Figure 1.1 Creating a Sustainable Advantage
MJ Osborn worked as a pharmaceutical salesman for most of the first decade of the twentieth century. Osborn noticed that the hotels he stayed in took rooms out of service for up to two weeks every time they cleaned their carpets. Osborn developed a carpet cleaner – Absorbit – that cleaned carpets in less time and required less labor and water, meaning that rooms would be back in service much sooner. Although customers paid more for Absorbit, their total cost of cleaning – factoring in labor, water usage, and downtime – declined enough that profits increased.8 The product proved a boon for hotels, but not for Osborn – a container of Absorbit was so economical that Osborn saw few follow-on sales.

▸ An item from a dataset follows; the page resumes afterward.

(* Let $k\geq0$, $q\geq1$, $m\ge1$ and $\gamma=(\gamma_1,\ldots,\gamma_m)\in\mathbb{Z}^m$ with $\gamma_1\ge 2$ and $2\le\gamma_{i+1}\le\gamma_i+1$ for all $1\le i<m$. Then \[F^{1234}(k,q,\gamma)=\begin{cases} s^k & m=1,\\ F^{2143}(k,q,\gamma) & q=1,\\ F^{1234}(k,q{-}1,\gamma)+F^{1234}(\gamma_1{+}1{-}\gamma_2{+}k,q,\gamma') & m\geq2,\ q\geq2. \end{cases}\]
   Context: For $\pi\in\{1234,2143\}$ define successor functions on integer triples. $\mathrm{suc}^{2143}(x,y,z)=\emptyset$ if $z\le0$ and for $z\ge1$, $\mathrm{suc}^{2143}(x,y,z)=\{(2,y{+}1,z),\ldots,(x{+}1,y{+}1,z)\}\cup\{(x,x{+}1,z),\ldots,(x,y,z)\}\cup\mathrm{suc}^{2143}(x,x,z{-}1)$. $\mathrm{suc}^{1234}(x,y,1)=\{(2,y{+}1,1),\ldots,(x{+}1,y{+}1,1)\}\cup\{(x,x{+}1,1),\ldots,(x,y,1)\}$ and for $z\ge2$, $\mathrm{suc}^{1234}(x,y,z)=\{(2,y{+}1,z),\ldots,(x{+}1,y{+}1,z)\}\cup\mathrm{suc}^{1234}(x,y,z{-}1)$ (sets of the form $\{(x,x{+}1,\cdot),\ldots,(x,y,\cdot)\}$ are empty if $y\le x$). A path in $\mathcal{P}^{\pi}$ is a finite sequence $P=(v_1,\ldots,v_r)$, $r\ge1$, of points of $\mathbb{Z}^3$ with $v_1=(x,y,z)$, $2\le x\le y$, $z\ge1$, and $v_{i+1}\in\mathrm{suc}^{\pi}(v_i)$; its length is $\ell(P)=r$. For $P\in\mathcal{P}^{2143}$, an edge from $(x_1,y_1,z_1)$ to $(x_2,y_2,z_2)$ is recorded if either $z_1=z_2$ and $y_2=y_1+1$, or $z_1>z_2$. For $P\in\mathcal{P}^{1234}$, such an edge is recorded if $y_2=y_1+1$. The signature of $P$ is the tuple of the $x$-coordinate of $v_1$ followed by the $x$-coordinates of the endpoints of the recorded edges, in order. For $k\ge0$, $q\ge1$, $\gamma\in\mathbb{Z}^m$, $m\ge1$, $\mathcal{P}^{\pi}_{k,q,\gamma}$ is the set of paths in $\mathcal{P}^{\pi}$ starting at $(\gamma_1,\gamma_1+k,q)$ with signature $\gamma$, and $F^{\pi}(k,q,\gamma)=\sum_{P\in\mathcal{P}^{\pi}_{k,q,\gamma}}t^{\ell(P)-m}$ (formal power series in $t$), with the convention $F^{\pi}(k,q,\gamma)=0$ if $q\le0$ or $\gamma$ is empty. Write $s=1/(1-t)$ and $\gamma'=(\gamma_2,\ldots,\gamma_m)$ (empty if $m=1$). *)

theory Defs
  imports "HOL-Computational_Algebra.Formal_Power_Series"
begin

Osborn named his nascent company Economics Laboratory (EL) – “Economic” because it saved customers time, labor, and material costs, and “Laboratory” because the products were backed by laboratory research. In 1924, he acquired a chemical formula from a University of Minnesota chemist and introduced Soilax, an easy-to-use and measure dishwashing detergent. In 1928, Osborn rolled out a line of Soilax dispensers and other dishwashing equipment. EL became a provider of dishwashing solutions, not just products.9
Over the next century, the company developed and deployed a rather simple business model: Identify a pressing customer problem in cleaning/sanitation and develop a scientific solution that would save customers labor, maintenance, and downtime and preserve equipment. Customers would pay a premium for the company's products because the savings and regular on-site service provided by EL would more than make up for the price premium of the products. Sales grew from $35,000 in 1924 ($554,917 in 2021 dollars) to $12.733 billion in 2021: a nominal cumulative annual growth rate of 14% and a real (if we hold dollars constant) 11% CAGR. That's one of many impressive measures of Ecolab's economic success.